Claire Rowe
Associate Editor
Loyola University Chicago School of Law, JD 2026
A recent situation involving millions of 23andMe users has raised significant concerns about data privacy and regulatory oversight. After sending a small tube of saliva to uncover ancestral roots, many individuals discovered that their genetic data had been compromised. 23andMe has transformed genetic testing by offering accessible health and ancestry information to consumers from the comfort of their homes. Since its inception, the company has faced regulatory challenges and became the first direct-to-consumer genetic genealogy test to receive FDA approval. While the company has largely avoided legal trouble over the years, recent data breaches have sparked legal action and underscored gaps in consumer protection.
The rise of 23andMe: a new era in genetic testing
23andMe specializes in genetic testing for ancestry, health, and traits, through various testing formats. The company launched its consumer test in 2007, initially available only to U.S. buyers at a steep price of $1,000. A year later, it expanded its reach, marketing the test internationally with the goal to empower users to access and monitor their own health data without needing to visit a lab. The company began advertising its Personal Genome Service (PGS), promoting it as a $99 product that would allow customers to identify their risk for diseases, assess inherited health conditions in their children, understand personal genetic health risks, and even predict their response to certain medications. At the time, this was information that could be revealed only through lab testing, which caught the attention of federal authorities.
In 2013, the U.S. Food and Drug Administration (FDA) publicly ordered 23andMe to halt the sale and marketing of its genetic tests. The FDA expressed concern that 23andMe had not provided evidence that its PGS tests were “analytically or clinically validated for their intended uses”. The FDA wanted to ensure their accuracy, and the ability of consumers to interpret results without the need for a doctor. Afterward, 23andMe limited its offerings to ancestry reports until 2015, when the company rebranded.
In October 2015, 23andMe launched the FDA-approved “23andMe Experience,” which became the first and only direct-to-consumer genetic service available at that time. According to press releases, the company worked closely with regulators to bring this product to the market. The FDA evaluated data for 23andMe’s GHR tests through a regulatory process designed for novel, low-to-moderate-risk devices that have no substantial equivalent on the market. The FDA also implemented additional controls that ensure the accuracy of the tests and provide clarity regarding consumer expectations. After this launch, the genetic testing industry experienced rapid growth. The number of individuals who had their DNA analyzed through direct-to-consumer genetic genealogy tests more than doubled in 2017, surpassing 12 million.
The data privacy suit and available legal avenues
In 2023, 23andMe informed customers that hackers accessed the ancestry data of 6.9 million connected profiles through approximately 14,000 compromised accounts will be delivered. The breach involved sensitive personal information, including location data, ancestry reports, DNA matches, photos, family names, and other confidential details. While 23andMe notified users of the breach in October, it wasn’t until December that the company disclosed the full extent of the incident, confirming the impact on 6.9 million profiles.

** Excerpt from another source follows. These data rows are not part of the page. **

(* Let $\Gamma$ be an angled $G$-graph such that for each subgroup $K\le G$, every regular $K$-section of $\Gamma$ has curvature $\le\alpha$, where $\alpha\le0$. Suppose $H$ is a subgroup of $G$ and $\Delta$ is a non-empty spurless $H$-section of $\Gamma$. Then: (1) if $\Delta$ contains an edge, $\kappa(H,\Delta)\le\alpha$; (2) $\kappa(H,\Delta)>0$ if and only if $\Delta$ is a single vertex and $H$ is a finite group.
   Context: An angled $G$-graph is a graph with a $G$-action and a $G$-invariant map $\measuredangle$ from edges to $\mathbb R$. For a group $K$, $|K|^{-1}=1/|K|$ if $K$ finite, else $0$. For a graph $\Delta$ with a $K$-action and finitely many $K$-orbits of cells, $\kappa(K,\Delta)=2\pi|K|^{-1}-\sum_v\pi|K_v|^{-1}+\sum_e(\pi-\measuredangle(e))|K_e|^{-1}$ (sums over orbit representatives of vertices and edges; $K_v,K_e$ stabilizers in $K$); this is the curvature of $\Delta$. For $H\le G$, an $H$-section of $\Gamma$ is an $H$-invariant subgraph with finitely many $H$-orbits of cells; it is spurless if it has no vertex of valence one, and regular if it is spurless, connected, and has at least one edge. *)

theory Defs
  imports "HOL-Algebra.Group" "HOL-Library.Multiset" Complex_Main
begin

text \<open>A graph is given by a vertex set V, an edge set E and an endpoint map
  ends assigning to each edge the multiset of its two endpoints (loops and
  multiple edges allowed).\<close>

definition graph :: "'v set \<Rightarrow> 'e set \<Rightarrow> ('e \<Rightarrow> 'v multiset) \<Rightarrow> bool" where
  "graph V E ends \<longleftrightarrow> (\<forall>e\<in>E. size (ends e) = 2 \<and> set_mset (ends e) \<subseteq> V)"

definition G_graph ::
  "('g, 'b) monoid_scheme \<Rightarrow> 'v set \<Rightarrow> 'e set \<Rightarrow> ('e \<Rightarrow> 'v multiset)
    \<Rightarrow> ('g \<Rightarrow> 'v \<Rightarrow> 'v) \<Rightarrow> ('g \<Rightarrow> 'e \<Rightarrow> 'e) \<Rightarrow> bool" where
  "G_graph G V E ends actv acte \<longleftrightarrow>
     group G \<and> graph V E ends \<and>
     (\<forall>g\<in>carrier G. actv g ` V \<subseteq> V \<and> acte g ` E \<subseteq> E) \<and>
     (\<forall>v\<in>V. actv \<one>\<^bsub>G\<^esub> v = v) \<and> (\<forall>e\<in>E. acte \<one>\<^bsub>G\<^esub> e = e) \<and>
     (\<forall>g\<in>carrier G. \<forall>h\<in>carrier G. \<forall>v\<in>V. actv (g \<otimes>\<^bsub>G\<^esub> h) v = actv g (actv h v)) \<and>
     (\<forall>g\<in>carrier G. \<forall>h\<in>carrier G. \<forall>e\<in>E. acte (g \<otimes>\<^bsub>G\<^esub> h) e = acte g (acte h e)) \<and>
     (\<forall>g\<in>carrier G. \<forall>e\<in>E. ends (acte g e) = image_mset (actv g) (ends e))"

definition angled_G_graph ::
  "('g, 'b) monoid_scheme \<Rightarrow> 'v set \<Rightarrow> 'e set \<Rightarrow> ('e \<Rightarrow> 'v multiset)
    \<Rightarrow> ('g \<Rightarrow> 'v \<Rightarrow> 'v) \<Rightarrow> ('g \<Rightarrow> 'e \<Rightarrow> 'e) \<Rightarrow> ('e \<Rightarrow> real) \<Rightarrow> bool" where
  "angled_G_graph G V E ends actv acte ang \<longleftrightarrow>
     G_graph G V E ends actv acte \<and>
     (\<forall>g\<in>carrier G. \<forall>e\<in>E. ang (acte g e) = ang e)"

definition inv_card :: "'a set \<Rightarrow> real" where
  "inv_card K = (if finite K then 1 / real (card K) else 0)"

definition orbit :: "'g set \<Rightarrow> ('g \<Rightarrow> 'a \<Rightarrow> 'a) \<Rightarrow> 'a \<Rightarrow> 'a set" where
  "orbit K act x = (\<lambda>k. act k x) ` K"

definition orbits :: "'g set \<Rightarrow> ('g \<Rightarrow> 'a \<Rightarrow> 'a) \<Rightarrow> 'a set \<Rightarrow> 'a set set" where
  "orbits K act S = orbit K act ` S"

definition stab :: "'g set \<Rightarrow> ('g \<Rightarrow> 'a \<Rightarrow> 'a) \<Rightarrow> 'a \<Rightarrow> 'g set" where
  "stab K act x = {k \<in> K. act k x = x}"

definition curvature ::
  "'g set \<Rightarrow> ('g \<Rightarrow> 'v \<Rightarrow> 'v) \<Rightarrow> ('g \<Rightarrow> 'e \<Rightarrow> 'e) \<Rightarrow> ('e \<Rightarrow> real)
    \<Rightarrow> 'v set \<Rightarrow> 'e set \<Rightarrow> real" where
  "curvature K actv acte ang DV DE =
     2 * pi * inv_card K
     - (\<Sum>Orb\<in>orbits K actv DV. pi * inv_card (stab K actv (SOME v. v \<in> Orb)))
     + (\<Sum>Orb\<in>orbits K acte DE. (pi - ang (SOME e. e \<in> Orb)) * inv_card (stab K acte (SOME e. e \<in> Orb)))"

definition H_section ::
  "'g set \<Rightarrow> 'v set \<Rightarrow> 'e set \<Rightarrow> ('e \<Rightarrow> 'v multiset)
    \<Rightarrow> ('g \<Rightarrow> 'v \<Rightarrow> 'v) \<Rightarrow> ('g \<Rightarrow> 'e \<Rightarrow> 'e) \<Rightarrow> 'v set \<Rightarrow> 'e set \<Rightarrow> bool" where
  "H_section H V E ends actv acte DV DE \<longleftrightarrow>
     DV \<subseteq> V \<and> DE \<subseteq> E \<and> (\<forall>e\<in>DE. set_mset (ends e) \<subseteq> DV) \<and>
     (\<forall>h\<in>H. actv h ` DV \<subseteq> DV \<and> acte h ` DE \<subseteq> DE) \<and>
     finite (orbits H actv DV) \<and> finite (orbits H acte DE)"

text \<open>Valence one: exactly one edge-end at v (a loop counts twice).\<close>
definition valence_one :: "'e set \<Rightarrow> ('e \<Rightarrow> 'v multiset) \<Rightarrow> 'v \<Rightarrow> bool" where
  "valence_one DE ends v \<longleftrightarrow>
     finite {e \<in> DE. v \<in># ends e} \<and> (\<Sum>e\<in>{e \<in> DE. v \<in># ends e}. count (ends e) v) = 1"

definition spurless :: "'v set \<Rightarrow> 'e set \<Rightarrow> ('e \<Rightarrow> 'v multiset) \<Rightarrow> bool" where
  "spurless DV DE ends \<longleftrightarrow> (\<forall>v\<in>DV. \<not> valence_one DE ends v)"

definition graph_connected :: "'v set \<Rightarrow> 'e set \<Rightarrow> ('e \<Rightarrow> 'v multiset) \<Rightarrow> bool" where
  "graph_connected DV DE ends \<longleftrightarrow>
     (\<forall>u\<in>DV. \<forall>w\<in>DV. (u, w) \<in> {(x, y). \<exists>e\<in>DE. ends e = {#x, y#}}\<^sup>*)"

definition regular_section ::
  "'g set \<Rightarrow> 'v set \<Rightarrow> 'e set \<Rightarrow> ('e \<Rightarrow> 'v multiset)
    \<Rightarrow> ('g \<Rightarrow> 'v \<Rightarrow> 'v) \<Rightarrow> ('g \<Rightarrow> 'e \<Rightarrow> 'e) \<Rightarrow> 'v set \<Rightarrow> 'e set \<Rightarrow> bool" where
  "regular_section H V E ends actv acte DV DE \<longleftrightarrow>
     H_section H V E ends actv acte DV DE \<and> spurless DV DE ends \<and>
     graph_connected DV DE ends \<and> DE \<noteq> {}"

end

theory Submission
  imports Defs
begin

text \<open>Part (1) is by induction on the number of H-orbits of vertices. Let C be the component of
  an edge of Delta and K its stabilizer in H; then C is a regular K-section, so
  kappa(K, C) <= alpha. Distinct H-translates of C are disjoint, so together they contribute
  kappa(K, C) - 2 pi |K|^-1 to kappa(H, Delta), and removing them leaves a spurless H-section
  Delta' with fewer vertex orbits:
  kappa(H, Delta) = kappa(K, C) - 2 pi |K|^-1 + kappa(H, Delta').
  Finally kappa(H, Delta') <= 2 pi |H|^-1 <= 2 pi |K|^-1, by induction (which even gives
  kappa(H, Delta') <= alpha <= 0) or because Delta' has no edges.

  For (2), an edgeless section has curvature 2 pi |H|^-1 - sum pi |H_v|^-1. Two vertex orbits,
  or one orbit whose stabilizer has index at least two, already cost 2 pi |H|^-1; so the curvature
  is positive exactly for a single vertex fixed by a finite H.\<close>

section \<open>Orbit sums of group actions\<close>

definition orbit_sum :: "'g set \<Rightarrow> ('g \<Rightarrow> 'a \<Rightarrow> 'a) \<Rightarrow> ('a \<Rightarrow> real) \<Rightarrow> 'a set \<Rightarrow> real" where
  "orbit_sum K act c T =
     (\<Sum>Orb\<in>orbits K act T. c (SOME x. x \<in> Orb) * inv_card (stab K act (SOME x. x \<in> Orb)))"

lemma curvature_eq_orbit_sum:
  "curvature K actv acte ang DV DE =
     2 * pi * inv_card K - orbit_sum K actv (\<lambda>_. pi) DV + orbit_sum K acte (\<lambda>e. pi - ang e) DE"
  unfolding curvature_def orbit_sum_def by simp

lemma inv_card_nonneg: "0 \<le> inv_card K"
  unfolding inv_card_def by auto

lemma inv_card_antimono:
  assumes "K \<subseteq> H" "K \<noteq> {}"
  shows "inv_card H \<le> inv_card K"
proof (cases "finite H")
  case True
  then have "finite K" using assms finite_subset by blast
  then have "card K \<le> card H" "0 < card K" using assms True card_mono card_gt_0_iff by auto
  then show ?thesis unfolding inv_card_def using True \<open>finite K\<close> by (simp add: frac_le)
qed (simp add: inv_card_def)

lemma orbit_sum_nonneg: "(\<And>x. 0 \<le> c x) \<Longrightarrow> 0 \<le> orbit_sum K act c T"
  unfolding orbit_sum_def by (intro sum_nonneg mult_nonneg_nonneg inv_card_nonneg)

lemma orbit_sum_empty [simp]: "orbit_sum K act c {} = 0"
  unfolding orbit_sum_def orbits_def by simp

lemma (in group) two_card_subgroup_le:
  assumes H: "subgroup H G" and fin: "finite H" and St: "subgroup St G" and StH: "St \<subseteq> H"
    and g: "g \<in> H" "g \<notin> St"
  shows "2 * card St \<le> card H"
proof -
  have gG: "g \<in> carrier G" using subgroup.mem_carrier[OF H g(1)] .
  have StG: "\<And>s. s \<in> St \<Longrightarrow> s \<in> carrier G" using subgroup.mem_carrier[OF St] .
  have inj: "inj_on ((\<otimes>) g) St"
    by (rule inj_onI) (use gG StG in simp)
  have disj: "St \<inter> (\<otimes>) g ` St = {}"
  proof (rule ccontr)
    assume "St \<inter> (\<otimes>) g ` St \<noteq> {}"
    then obtain s where s: "s \<in> St" "g \<otimes> s \<in> St" by blast
    then have "(g \<otimes> s) \<otimes> inv s \<in> St"
      using subgroup.m_closed[OF St s(2) subgroup.m_inv_closed[OF St s(1)]] by simp
    moreover have "(g \<otimes> s) \<otimes> inv s = g" using gG StG[OF s(1)] by (simp add: m_assoc)
    ultimately show False using g(2) by simp
  qed
  have finSt: "finite St" using finite_subset[OF StH fin] .
  have "St \<union> (\<otimes>) g ` St \<subseteq> H" using StH subgroup.m_closed[OF H g(1)] by blast
  then have "card (St \<union> (\<otimes>) g ` St) \<le> card H" using card_mono[OF fin] by blast
  then show ?thesis using card_Un_disjoint[OF finSt _ disj] card_image[OF inj] finSt by simp
qed

locale set_action = group G for G :: "('g, 'b) monoid_scheme" (structure) +
  fixes act :: "'g \<Rightarrow> 'a \<Rightarrow> 'a" and S :: "'a set"
  assumes act_closed: "\<lbrakk>g \<in> carrier G; x \<in> S\<rbrakk> \<Longrightarrow> act g x \<in> S"
    and act_one: "x \<in> S \<Longrightarrow> act \<one> x = x"
    and act_mult: "\<lbrakk>g \<in> carrier G; h \<in> carrier G; x \<in> S\<rbrakk> \<Longrightarrow> act (g \<otimes> h) x = act g (act h x)"
begin

lemma act_inv_act: "\<lbrakk>g \<in> carrier G; x \<in> S\<rbrakk> \<Longrightarrow> act (inv g) (act g x) = x"
  by (metis act_mult act_one inv_closed l_inv)

lemma act_act_inv: "\<lbrakk>g \<in> carrier G; x \<in> S\<rbrakk> \<Longrightarrow> act g (act (inv g) x) = x"
  by (metis act_mult act_one inv_closed r_inv)

lemma act_mem_iff:
  assumes H: "subgroup H G" and A: "\<And>h a. h \<in> H \<Longrightarrow> a \<in> A \<Longrightarrow> act h a \<in> A"
    and h: "h \<in> H" and x: "x \<in> S"
  shows "act h x \<in> A \<longleftrightarrow> x \<in> A"
  using A[OF subgroup.m_inv_closed[OF H h], of "act h x"] A[OF h, of x]
    act_inv_act[OF subgroup.mem_carrier[OF H h] x] by auto

lemma stab_subgroup:
  assumes H: "subgroup H G" and x: "x \<in> S"
  shows "subgroup (stab H act x) G"
proof (rule subgroupI)
  show "stab H act x \<subseteq> carrier G" unfolding stab_def using subgroup.mem_carrier[OF H] by auto
  show "stab H act x \<noteq> {}" unfolding stab_def using subgroup.one_closed[OF H] act_one[OF x] by auto
next
  fix a assume "a \<in> stab H act x"
  then have aH: "a \<in> H" and ax: "act a x = x" unfolding stab_def by auto
  have "act (inv a) x = x" using act_inv_act[OF subgroup.mem_carrier[OF H aH] x] ax by simp
  then show "inv a \<in> stab H act x" unfolding stab_def using subgroup.m_inv_closed[OF H aH] by simp
  fix b assume "b \<in> stab H act x"
  then have bH: "b \<in> H" and bx: "act b x = x" unfolding stab_def by auto
  have "act (a \<otimes> b) x = x"
    using act_mult[OF subgroup.mem_carrier[OF H aH] subgroup.mem_carrier[OF H bH] x] ax bx by simp
  then show "a \<otimes> b \<in> stab H act x" unfolding stab_def using subgroup.m_closed[OF H aH bH] by simp
qed

lemma conj_mem_stab:
  assumes H: "subgroup H G" and h: "h \<in> H" and x: "x \<in> S" and k: "k \<in> stab H act x"
  shows "h \<otimes> k \<otimes> inv h \<in> stab H act (act h x)"
proof -
  have hG: "h \<in> carrier G" and kG: "k \<in> carrier G" and kx: "act k x = x"
    using subgroup.mem_carrier[OF H] h k unfolding stab_def by auto
  have "act (h \<otimes> k \<otimes> inv h) (act h x) = act (h \<otimes> k) (act (inv h) (act h x))"
    using hG kG x by (intro act_mult) (auto intro: act_closed)
  also have "\<dots> = act h x" using hG kG x kx by (simp add: act_inv_act act_mult)
  finally show ?thesis
    using H h k unfolding stab_def by (simp add: subgroup.m_closed subgroup.m_inv_closed)
qed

In response, dozens of proposed class action lawsuits were filed against 23andMe in various states, alleging that the company failed to adequately protect user information and neglected to inform certain users that individuals of Chinese or Ashkenazi Jewish heritage were specifically targeted. These lawsuits were based on several state laws, including privacy and trade practice legislation. Eventually these were consolidated in federal court where 23andMe agreed to settle for $30 million, though the company did not admit to any wrongdoing.
The data privacy lawsuit against 23andMe highlights significant gaps in legal protections for consumers of genetic testing services at the national level. Since 23andMe is not classified as a healthcare provider, it is exempt from HIPAA regulations, a heavily enforced protection for consumers and patients. As a result, state privacy laws have become the primary basis for litigation. This raises several key questions: Should 23andMe be required to comply with HIPAA protections? Should the company do more than simply disclose risks in fine print or terms and conditions? Or, given the rapid growth of the genetic testing industry in recent years, should new legislation be enacted to address industry-specific security concerns?
Because customers are using medical-grade laboratory testing materials that produce individualized health results, 23andMe and similar companies should be required to abide by HIPAA regulations. The primary purpose of HIPAA is to protect sensitive health information, and whether or not 23andMe is an insurance company should not be relevant. Requiring compliance with HIPAA would incentivize these companies to better protect this information, reducing the burden on customers to decipher ambiguous fine print until stronger legislation is enacted.
In the meantime, the Department of Justice (DOJ) and regulatory bodies such as the FDA and Federal Trade Commission (FTC) must take greater action to hold 23andMe and the broader genetic testing industry accountable. The lack of regulatory investigations and consequences for data privacy issues raises serious concerns about accountability in a growing digital landscape. Current litigation efforts appear inadequate, particularly given 23andMe’s refusal to admit wrongdoing in its settlement, which undermines the very purpose of litigation: to ensure accountability and remedy misconduct.